In times of covid19, cancer patients have a new way to avoid delaying diagnostic procedures and surveillance of bladder tumours.
Monday, December 27th, 2021
Concerned about the postponement of surveillance procedures and the increased risk of contamination in Hospitals, a team of researchers from Ipatimup and the Institute for Research and Innovation in Health (i3S) validated a new form of bladder cancer surveillance that, from now on, may be carried-out from home.
Bladder cancer mainly affects smoking men over 60 years of age, who also constitute a population with a higher risk of mortality from COVID19. Irrespective of the pandemic situation, these patients have to maintain a tight surveillance program as these tumours return with recurrences in 70% of patients. With the pandemic, many of these procedures have been postponed.
To face this problem, a new Kit is available that allows patinets to collect and filter their urine at home, without the need to go to the hospital. The Kit is part of the internationally patented test and registered with the trademark Uromonitor®, and represents a non-invasive and comfortable way of monitoring the appearance of bladder tumours in times of pandemic, since it is carried out from a urine sample obtained and filtered by the patient himself (self-collection).
“The filter containing biological material filtered from the urine is sent free of charge to the laboratory where an ultra-sensitive test is then carried out to detect trace amounts of genetic mutations associated with the early stages of bladder cancer in the urine”, explains Rui Batista, researcher that validated the samples taken at home.
The conventional method, based on cystoscopy with urinary cytology, has been postponed by patients, as it implies traveling to Hospitals, which express concerns of contagion with COVID19. However, surveillance of these tumours must be performed repeatedly, at intervals that can range from 3 months to 1 year, throughout the patient’s life. That is why patients like Mr. Caldeira have already chosen to take the test at home. As he explains: “Given my need to keep this type of cancer under surveillance, the possibility of postponing or going to the hospital did not make me feel safe”.
“The test itself is highly robust, with very high sensitivity and practically zero risk of false negatives, regardless of the stage”, as João Vinagre, a researcher involved in the clinical validation of the test, says.
As for Urologists, they are facing with high waiting lists and reduced teams due to the need to allocate resources to COVID19. For them, the possibility of using an auxiliary test with great sensitivity and diagnostic accuracy, especially in tumours of lower stages, avoiding hospital procedures and the risk of contamination of health personnel, represents a more than justified option in the context of the pandemic.
“For this reason, the home collection and filtration kit has the potential to be used as an alternative or at least as a complement to cystoscopy performed in a hospital setting, with the benefit of helping the urologist to reduce waiting lists and relieve patients of the trips they need to undergo, ”adds Ricardo Leão, Urologist.

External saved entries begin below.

lemma prob_S_stat_less_stationary:
  assumes "m \<le> n"
  shows "measure (P_cp f0 f1 m \<infinity>) {x\<in>space (P_cp f0 f1 m \<infinity>). S n x < h}
       = measure (P_cp f0 f1 m \<infinity>) {x\<in>space (P_cp f0 f1 m \<infinity>). S m x < h}"
  using prob_S_stat_less_shift[of \<infinity> "n - m" \<infinity> h] assms by (simp add: obs_measure_eq)

text \<open>The events {S n < h} are decreasing in every log-likelihood ratio, so by Harris'
  inequality they are positively correlated under the pre-change law.\<close>

lemma prob_no_alarm_ge_power:
  assumes W: "finite W" "W \<subseteq> {m..}"
  shows "measure (P_cp f0 f1 m \<infinity>) {x\<in>space (P_cp f0 f1 m \<infinity>). S m x < h} ^ card W
       \<le> measure (P_cp f0 f1 m \<infinity>) {x\<in>space (P_cp f0 f1 m \<infinity>). \<forall>n\<in>W. S n x < h}"
proof -
  let ?P = "PiM UNIV (Obs \<infinity>)"
  interpret prob_space ?P by (rule prob_space_PiM_obs_measure)
  define J where "J = (\<Union>n\<in>W. {n + 1 - m..n})"
  have J: "finite J" "\<And>n. n \<in> W \<Longrightarrow> {n + 1 - m..n} \<subseteq> J" using W by (auto simp: J_def)
  have window_sets: "{x\<in>space (PiM J (Obs \<infinity>)). S n x < h} \<in> sets (PiM J (Obs \<infinity>))"
    if "n \<in> W" for n using that J by (intro S_stat_level_sets(1)) auto
  have window_eq: "emeasure (PiM J (Obs \<infinity>)) {x\<in>space (PiM J (Obs \<infinity>)). S n x < h}
      = measure (P_cp f0 f1 m \<infinity>) {x\<in>space (P_cp f0 f1 m \<infinity>). S m x < h}" if n: "n \<in> W" for n
  proof -
    have "emeasure (PiM J (Obs \<infinity>)) {x\<in>space (PiM J (Obs \<infinity>)). S n x < h}
        = emeasure ?P {x\<in>space ?P. S n x < h}"
      by (rule emeasure_PiM_UNIV_eq_PiM_finite[symmetric, OF prob_space_obs_measure J(1) _
            window_sets[OF n]]) (use S_stat_restrict J(2)[OF n] in auto)
    also have "\<dots> = measure (P_cp f0 f1 m \<infinity>) {x\<in>space (P_cp f0 f1 m \<infinity>). S m x < h}"
      using prob_S_stat_less_stationary[of n h] n W by (auto simp: P_cp_eq_PiM emeasure_eq_measure)
    finally show ?thesis .
  qed
  have "ennreal (measure (P_cp f0 f1 m \<infinity>) {x\<in>space (P_cp f0 f1 m \<infinity>). S m x < h} ^ card W)
      = (\<Prod>n\<in>W. emeasure (PiM J (Obs \<infinity>)) {x\<in>space (PiM J (Obs \<infinity>)). S n x < h})"
    by (simp add: window_eq prod_ennreal ennreal_power)
  also have "\<dots> \<le> emeasure (PiM J (Obs \<infinity>)) {x\<in>space (PiM J (Obs \<infinity>)). \<forall>n\<in>W. S n x < h}"
  proof (rule emeasure_PiM_Ball_ge_prod_increasing[OF prob_space_obs_measure J(1) W(1) window_sets,
        where w="\<lambda>i t. - llr f0 f1 t"])
    fix n x y assume n: "n \<in> W" and "\<forall>i\<in>J. - llr f0 f1 (x i) \<le> - llr f0 f1 (y i)"
    then have "S n y \<le> S n x" unfolding S_stat_def using J(2)[OF n] by (intro sum_mono) auto
    then show "S n x < h \<Longrightarrow> S n y < h" by simp
  qed
  also have "\<dots> = emeasure ?P {x\<in>space ?P. \<forall>n\<in>W. S n x < h}"
    by (rule emeasure_PiM_UNIV_eq_PiM_finite[symmetric, OF prob_space_obs_measure J(1) _
          no_alarm_sets[OF W(1) J(2)]]) (use S_stat_restrict J(2) in auto)
  finally show ?thesis by (simp add: P_cp_eq_PiM emeasure_eq_measure)
qed

lemma prob_false_alarm_window_le:
  "measure (P_cp f0 f1 m \<infinity>) {x\<in>space (P_cp f0 f1 m \<infinity>).
      enat l \<le> T_FMA f0 f1 m h x \<and> T_FMA f0 f1 m h x < enat (l + ma)}
    \<le> 1 - measure (P_cp f0 f1 m \<infinity>) {x\<in>space (P_cp f0 f1 m \<infinity>). S m x < h} ^ ma"
proof -
  let ?P = "P_cp f0 f1 m \<infinity>" and ?T = "T_FMA f0 f1 m h"
  interpret prob_space ?P unfolding P_cp_eq_PiM by (rule prob_space_PiM_obs_measure)
  define W where "W = {max l m..<l + ma}"
  define no_alarm where "no_alarm = {x\<in>space ?P. \<forall>n\<in>W. S n x < h}"
  have no_alarm_sets: "no_alarm \<in> sets ?P"
    unfolding no_alarm_def P_cp_eq_PiM by (rule no_alarm_sets) (auto simp: W_def)
  have "{x\<in>space ?P. enat l \<le> ?T x \<and> ?T x < enat (l + ma)} \<subseteq> space ?P - no_alarm"
  proof
    fix x assume x: "x \<in> {x\<in>space ?P. enat l \<le> ?T x \<and> ?T x < enat (l + ma)}"
    then obtain n where n: "m \<le> n" "h \<le> S n x" "n < l + ma" by (auto simp: T_FMA_less_iff)
    have "\<forall>n\<in>{m..<l}. S n x < h" using x by (simp add: T_FMA_ge_iff)
    then have "\<not> n < l" using n by (meson atLeastLessThan_iff not_less)
    then have "n \<in> W" using n by (simp add: W_def)
    then show "x \<in> space ?P - no_alarm" using x n(2) unfolding no_alarm_def by fastforce
  qed
  then have "measure ?P {x\<in>space ?P. enat l \<le> ?T x \<and> ?T x < enat (l + ma)} \<le> 1 - prob no_alarm"
    using finite_measure_mono[OF _ sets.compl_sets[OF no_alarm_sets]] prob_compl[OF no_alarm_sets]
    by simp
  moreover have "measure ?P {x\<in>space ?P. S m x < h} ^ ma \<le> prob no_alarm"
  proof -
    have "card W \<le> ma" by (simp add: W_def)
    then have "measure ?P {x\<in>space ?P. S m x < h} ^ ma \<le> measure ?P {x\<in>space ?P. S m x < h} ^ card W"
      by (intro power_decreasing) auto
    also have "\<dots> \<le> prob no_alarm"
      unfolding no_alarm_def by (rule prob_no_alarm_ge_power) (auto simp: W_def)
    finally show ?thesis .
  qed
  ultimately show ?thesis by simp
qed

lemma P_fa_le:
  "P_fa (P_cp f0 f1 m) (T_FMA f0 f1 m h) ma
    \<le> 1 - measure (P_cp f0 f1 m \<infinity>) {x\<in>space (P_cp f0 f1 m \<infinity>). S m x < h} ^ ma"
  unfolding P_fa_def by (rule cSUP_least) (auto intro: prob_false_alarm_window_le)

text \<open>Whether the alarm has been raised before the change depends only on the observations
  before v, the post-change window only on those from v on.\<close>

lemma prob_no_alarm_before_and_window:
  assumes v: "1 \<le> v"
  shows "measure (P_cp f0 f1 m v) {x\<in>space (P_cp f0 f1 m v). (\<forall>n\<in>{m..<v}. S n x < h) \<and> S (v + m - 1) x < h}
       = measure (P_cp f0 f1 m v) {x\<in>space (P_cp f0 f1 m v). \<forall>n\<in>{m..<v}. S n x < h} * beta_md f0 f1 m h"
proof -
  let ?P = "PiM UNIV (Obs v)"
  interpret prob_space ?P by (rule prob_space_PiM_obs_measure)
  define I J where "I = {..<v}" and "J = {v..<v + m}"
  have before: "{n + 1 - m..n} \<subseteq> I" if "n \<in> {m..<v}" for n
    using that by (auto simp: I_def)
  have window: "{v + m - 1 + 1 - m..v + m - 1} \<subseteq> J"
    using v m_pos by (auto simp: J_def)
  have "emeasure ?P {x\<in>space ?P. (\<forall>n\<in>{m..<v}. S n x < h) \<and> S (v + m - 1) x < h}
      = emeasure ?P {x\<in>space ?P. \<forall>n\<in>{m..<v}. S n x < h} * emeasure ?P {x\<in>space ?P. S (v + m - 1) x < h}"
  proof (rule emeasure_PiM_conj_eq_mult_disjoint[OF prob_space_obs_measure])
    show "finite I" "finite J" "I \<inter> J = {}" by (auto simp: I_def J_def)
    show "(\<forall>n\<in>{m..<v}. S n (restrict x I) < h) = (\<forall>n\<in>{m..<v}. S n x < h)" for x
      using S_stat_restrict[OF before] by simp
    show "(S (v + m - 1) (restrict x J) < h) = (S (v + m - 1) x < h)" for x
      using S_stat_restrict[OF window] by simp
    show "{y\<in>space (PiM I (Obs v)). \<forall>n\<in>{m..<v}. S n y < h} \<in> sets (PiM I (Obs v))"
      using before by (intro no_alarm_sets) auto
    show "{y\<in>space (PiM J (Obs v)). S (v + m - 1) y < h} \<in> sets (PiM J (Obs v))"
      using window by (rule S_stat_level_sets(1))
    show "{y\<in>space (PiM (I \<union> J) (Obs v)). (\<forall>n\<in>{m..<v}. S n y < h) \<and> S (v + m - 1) y < h}
        \<in> sets (PiM (I \<union> J) (Obs v))"
      using before window by (intro sets.sets_Collect_conj no_alarm_sets S_stat_level_sets(1)) auto
  qed
  moreover have "measure ?P {x\<in>space ?P. S (v + m - 1) x < h} = beta_md f0 f1 m h"
  proof -
    have "Obs v (i + (v - 1)) = Obs (enat 1) i" for i
      using v by (auto simp: obs_measure_eq)
    moreover have "m + (v - 1) = v + m - 1" using v by simp
    ultimately show ?thesis
      using prob_S_stat_less_shift[of v "v - 1" "enat 1" h] by (simp add: beta_md_def P_cp_eq_PiM)
  qed
  ultimately show ?thesis by (simp add: P_cp_eq_PiM measure_def enn2real_mult)
qed

lemma md_ratio_le_beta_md:
  assumes v: "1 \<le> v"
  shows "measure (P_cp f0 f1 m v) {x\<in>space (P_cp f0 f1 m v). enat (v + m) \<le> T_FMA f0 f1 m h x}
       / measure (P_cp f0 f1 m v) {x\<in>space (P_cp f0 f1 m v). enat v \<le> T_FMA f0 f1 m h x}
       \<le> beta_md f0 f1 m h"
proof -
  let ?P = "P_cp f0 f1 m v"
  interpret prob_space ?P unfolding P_cp_eq_PiM by (rule prob_space_PiM_obs_measure)
  let ?no_alarm = "{x\<in>space ?P. \<forall>n\<in>{m..<v}. S n x < h}"
  have "{x\<in>space ?P. enat (v + m) \<le> T_FMA f0 f1 m h x}
      \<subseteq> {x\<in>space ?P. (\<forall>n\<in>{m..<v}. S n x < h) \<and> S (v + m - 1) x < h}"
    using v m_pos by (auto simp: T_FMA_ge_iff)
  moreover have "{x\<in>space ?P. (\<forall>n\<in>{m..<v}. S n x < h) \<and> S (v + m - 1) x < h} \<in> sets ?P"
    unfolding P_cp_eq_PiM by (intro sets.sets_Collect_conj no_alarm_sets S_stat_level_sets(1)) auto
  ultimately have "prob {x\<in>space ?P. enat (v + m) \<le> T_FMA f0 f1 m h x} \<le> prob ?no_alarm * beta_md f0 f1 m h"
    unfolding prob_no_alarm_before_and_window[OF v, symmetric] by (rule finite_measure_mono)
  moreover have "{x\<in>space ?P. enat v \<le> T_FMA f0 f1 m h x} = ?no_alarm"
    by (simp add: T_FMA_ge_iff)
  moreover have "0 \<le> beta_md f0 f1 m h" by (simp add: beta_md_def)
  ultimately show ?thesis
    by (cases "prob ?no_alarm = 0") (simp_all add: divide_le_eq mult.commute less_le)
qed

lemma P_md_le_beta_md: "P_md (P_cp f0 f1 m) (T_FMA f0 f1 m h) m \<le> beta_md f0 f1 m h"
  unfolding P_md_def by (rule cSUP_least) (auto intro: md_ratio_le_beta_md)

lemma mono_F0_cdf: "mono (F0_cdf f0 f1 m)"
proof
  fix s t :: real assume "s \<le> t"
  interpret prob_space "PiM UNIV (Obs \<infinity>)" by (rule prob_space_PiM_obs_measure)
  show "F0_cdf f0 f1 m s \<le> F0_cdf f0 f1 m t"
    unfolding F0_cdf_def P_cp_eq_PiM
    using \<open>s \<le> t\<close> S_stat_level_sets(2)[of m UNIV \<infinity> t] by (intro finite_measure_mono) auto
qed

lemma mono_beta_md: "mono (beta_md f0 f1 m)"
proof
  fix s t :: real assume "s \<le> t"
  interpret prob_space "PiM UNIV (Obs (enat 1))" by (rule prob_space_PiM_obs_measure)
  show "beta_md f0 f1 m s \<le> beta_md f0 f1 m t"
    unfolding beta_md_def P_cp_eq_PiM
    using \<open>s \<le> t\<close> S_stat_level_sets(1)[of m UNIV "enat 1" t] by (intro finite_measure_mono) auto
qed

lemma prob_S_stat_less_eq_F0_cdf:
  assumes "{0<..<1} \<subseteq> range (F0_cdf f0 f1 m)"
  shows "measure (P_cp f0 f1 m \<infinity>) {x\<in>space (P_cp f0 f1 m \<infinity>). S m x < h} = F0_cdf f0 f1 m h"
  unfolding F0_cdf_def
proof (rule prob_space.prob_less_eq_prob_le_if_cdf_onto)
  show "prob_space (P_cp f0 f1 m \<infinity>)" "S m \<in> borel_measurable (P_cp f0 f1 m \<infinity>)"
    unfolding P_cp_eq_PiM by (auto intro: prob_space_PiM_obs_measure S_stat_measurable)
  show "{0<..<1} \<subseteq> range (\<lambda>t. measure (P_cp f0 f1 m \<infinity>) {x\<in>space (P_cp f0 f1 m \<infinity>). S m x \<le> t})"
    using assms by (simp add: F0_cdf_def)
qed

lemma strict_mono_F0_cdf:
  assumes "bij_betw (F0_cdf f0 f1 m) UNIV {0<..<1}"
  shows "strict_mono (F0_cdf f0 f1 m)"
proof
  fix s t :: real assume "s < t"
  moreover have "F0_cdf f0 f1 m s \<noteq> F0_cdf f0 f1 m t \<or> s = t"
    using inj_onD[OF bij_betw_imp_inj_on[OF assms], of s t] by auto
  ultimately show "F0_cdf f0 f1 m s < F0_cdf f0 f1 m t"
    using monoD[OF mono_F0_cdf, of s t] by auto
qed

lemma P_fa_le_F0_cdf:
  assumes "bij_betw (F0_cdf f0 f1 m) UNIV {0<..<1}"
  shows "P_fa (P_cp f0 f1 m) (T_FMA f0 f1 m h) ma \<le> 1 - F0_cdf f0 f1 m h ^ ma"
  using P_fa_le[of h ma] bij_betw_imp_surj_on[OF assms] prob_S_stat_less_eq_F0_cdf by simp

lemma absolutely_continuous_first_window:
  "absolutely_continuous (PiM {1..m} (Obs \<infinity>)) (PiM {1..m} (Obs (enat 1)))"
proof (rule absolutely_continuous_PiM[OF prob_space_obs_measure prob_space_obs_measure])
  show "sets (Obs \<infinity> i) = sets (Obs (enat 1) i)" for i by (simp add: sets_obs_measure)
  have "AE t in density lborel (\<lambda>t. ennreal (f1 t)). 0 < ennreal (f0 t)"
    using f0_pos_AE_f1 by eventually_elim simp
  then show "absolutely_continuous (Obs \<infinity> i) (Obs (enat 1) i)" if "i \<in> {1..m}" for i
    using that by (simp add: obs_measure_eq absolutely_continuous_density_density)
qed simp

lemma prob_S_stat_eq_post_change_eq_0:
  assumes "measure (P_cp f0 f1 m \<infinity>) {x\<in>space (P_cp f0 f1 m \<infinity>). S m x = h} = 0"
  shows "measure (P_cp f0 f1 m (enat 1)) {x\<in>space (P_cp f0 f1 m (enat 1)). S m x = h} = 0"
proof -
  let ?J = "{1..m}"
  have window: "{m + 1 - m..m} \<subseteq> ?J" by simp
  have depends: "(S m (restrict x ?J) = h) = (S m x = h)" for x
    using S_stat_restrict[OF window] by simp
  have PiM_eq: "emeasure (PiM UNIV (Obs v)) {x\<in>space (PiM UNIV (Obs v)). S m x = h}
      = emeasure (PiM ?J (Obs v)) {x\<in>space (PiM ?J (Obs v)). S m x = h}" for v
    by (rule emeasure_PiM_UNIV_eq_PiM_finite[OF prob_space_obs_measure _ depends
          S_stat_level_sets(3)[OF window]]) simp
  interpret P0: prob_space "PiM UNIV (Obs \<infinity>)" by (rule prob_space_PiM_obs_measure)
  have "emeasure (PiM ?J (Obs \<infinity>)) {x\<in>space (PiM ?J (Obs \<infinity>)). S m x = h} = 0"
    using assms PiM_eq[of \<infinity>] by (simp add: P_cp_eq_PiM P0.emeasure_eq_measure)
  then have "{x\<in>space (PiM ?J (Obs \<infinity>)). S m x = h} \<in> null_sets (PiM ?J (Obs \<infinity>))"
    by (rule null_setsI) (rule S_stat_level_sets(3)[OF window])
  moreover have "space (PiM ?J (Obs \<infinity>)) = space (PiM ?J (Obs (enat 1)))"
    by (simp add: space_PiM sets_eq_imp_space_eq[OF sets_obs_measure])
  ultimately have "emeasure (PiM ?J (Obs (enat 1))) {x\<in>space (PiM ?J (Obs (enat 1))). S m x = h} = 0"
    using absolutely_continuous_first_window by (auto simp: absolutely_continuous_def)
  then show ?thesis using PiM_eq[of "enat 1"] by (simp add: P_cp_eq_PiM measure_def)
qed
definition SCS ::
  "(nat \<Rightarrow> complex) \<Rightarrow> nat \<Rightarrow> real \<Rightarrow> nat set set \<Rightarrow> (nat \<Rightarrow> real) \<Rightarrow> (nat \<Rightarrow> int) \<Rightarrow> bool" where
  "SCS c n eps E f g \<longleftrightarrow>
     0 < eps \<and> eps < 1/2 \<and>
     (\<forall>i<n. \<forall>j<n. i \<noteq> j \<longrightarrow> sphere (c i) 1 \<inter> sphere (c j) 1 = {}) \<and>
     graph_connected n (potential_edges c n eps) \<and>
     E \<subseteq> potential_edges c n eps \<and> graph_connected n E \<and>
     (\<forall>i<n. 0 \<le> f i \<and> f i < 2 * pi \<and> (g i = 1 \<or> g i = -1)) \<and>
     synchronized c E f g \<and>
     (\<forall>i j. {i, j} \<in> E \<longrightarrow> g i = - g j)"

definition before :: "(nat \<Rightarrow> real \<Rightarrow> nat) \<Rightarrow> nat \<Rightarrow> real \<Rightarrow> nat \<Rightarrow> bool" where
  "before pos r t p \<longleftrightarrow> (\<exists>\<delta>>0. \<forall>s. t - \<delta> < s \<and> s < t \<longrightarrow> pos r s = p)"
lemma opL_Omega_powr_eq:
  fixes k d rbar r :: real
  assumes cW: "continuous_on {0..} W" and dW: "\<forall>s>0. (W has_real_derivative W' s) (at s)"
    and "rbar \<ge> 0" and below: "\<forall>s>rbar. Omega W s < b" and "r > rbar" and "m \<ge> 1"
  defines "f \<equiv> b - Omega W r" and "q \<equiv> - Omega' W r" and "D \<equiv> (real m)\<^sup>2 + k\<^sup>2 * r\<^sup>2"
  shows "opL W m k b (\<lambda>s. (b - Omega W s) powr d) r
      = f powr d / f * (r\<^sup>2 / (D * f) * (- d * (d - 1) * q\<^sup>2 - k\<^sup>2 / (real m)\<^sup>2 * Phi W r)
           + 2 * d * q * k\<^sup>2 * r ^ 3 / D\<^sup>2 + f * (1 + (k\<^sup>2 * r\<^sup>2 - (real m)\<^sup>2) / D\<^sup>2)
           + (1 - d) * (r / D) * - W' r + 2 * k\<^sup>2 * r\<^sup>2 * W r / D\<^sup>2)"
proof -
  define U1 where "U1 = (\<lambda>s. d * (b - Omega W s) powr (d - 1) * - Omega' W s)"
  have "r > 0" "f > 0" using assms(3,5) below \<open>r > rbar\<close> by (auto simp: f_def)
  have "D > 0" unfolding D_def using \<open>m \<ge> 1\<close> by (simp add: add_pos_nonneg)
  have dU: "\<forall>s\<in>{rbar<..}. ((\<lambda>s. (b - Omega W s) powr d) has_real_derivative U1 s) (at s)"
    unfolding U1_def using assms(3)
    by (intro ballI has_real_derivative_Omega_powr cW) (use below in auto)
  have "(U1 has_real_derivative d * ((d - 1) * f powr (d - 1 - 1) * q) * q
      + d * f powr (d - 1) * - ((W' r - 3 * Omega' W r) / r)) (at r)"
    unfolding U1_def f_def q_def using \<open>r > 0\<close> below \<open>r > rbar\<close>
    by (auto intro!: derivative_eq_intros has_real_derivative_Omega has_real_derivative_Omega' cW
        dW[rule_format] simp: algebra_simps)
  moreover have "d * ((d - 1) * f powr (d - 1 - 1) * q) * q
      + d * f powr (d - 1) * - ((W' r - 3 * Omega' W r) / r)
      = d * (d - 1) * (f powr d / f\<^sup>2) * q\<^sup>2 - d * (f powr d / f) * ((W' r + 3 * q) / r)"
    using \<open>f > 0\<close> by (simp add: q_def powr_diff power2_eq_square)
  ultimately have dU1: "(U1 has_real_derivative
      d * (d - 1) * (f powr d / f\<^sup>2) * q\<^sup>2 - d * (f powr d / f) * ((W' r + 3 * q) / r)) (at r)"
    by simp
  have U1r: "U1 r = d * (f powr d / f) * q"
    using \<open>f > 0\<close> by (simp add: U1_def f_def q_def powr_diff)
  have "r \<in> {rbar<..}" "{rbar<..} \<subseteq> {0<..}" using assms(3,5) by auto
  have "Omega W r - b = - f" by (simp add: f_def)
  have "(b - Omega W r) powr d = f powr d" by (simp add: f_def)
  show ?thesis
    unfolding opL_eq[OF open_greaterThan \<open>r \<in> {rbar<..}\<close> \<open>{rbar<..} \<subseteq> {0<..}\<close> dU dU1
        \<open>m \<ge> 1\<close>]
      coefB_eq[OF dW[rule_format, OF \<open>r > 0\<close>] \<open>m \<ge> 1\<close>] U1r D_def
      \<open>Omega W r - b = - f\<close> \<open>(b - Omega W r) powr d = f powr d\<close> power2_minus
    by (rule opL_powr_identity) (use \<open>f > 0\<close> \<open>r > 0\<close> \<open>D > 0\<close> D_def in auto)
qed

“To carry out the test, you just need to request a Uromonitor test with self-collection and urine filtration kit, under medical prescription, and as part of the Urology follow-up carried out in clinics and hospitals, as explained by André Martins, responsible for logistics. After ordering, a urine collection and filtration kit that is compact enough to fit in the mailbox is sent to your home. After receiving the kit, just follow a simple set of instructions to send the laboratory, in a safe and freeway, a filter where the scaled biological material from the bladder is captured and preserved, as indicated by Fernando Vieira, responsible for operations.
This product represents an example of how, in this time of pandemic, scientific research can be mobilized to find innovative ways to respond to the problems raised by COVID19 to cancer patients, as explained by Paula Soares, the project’s scientific leader.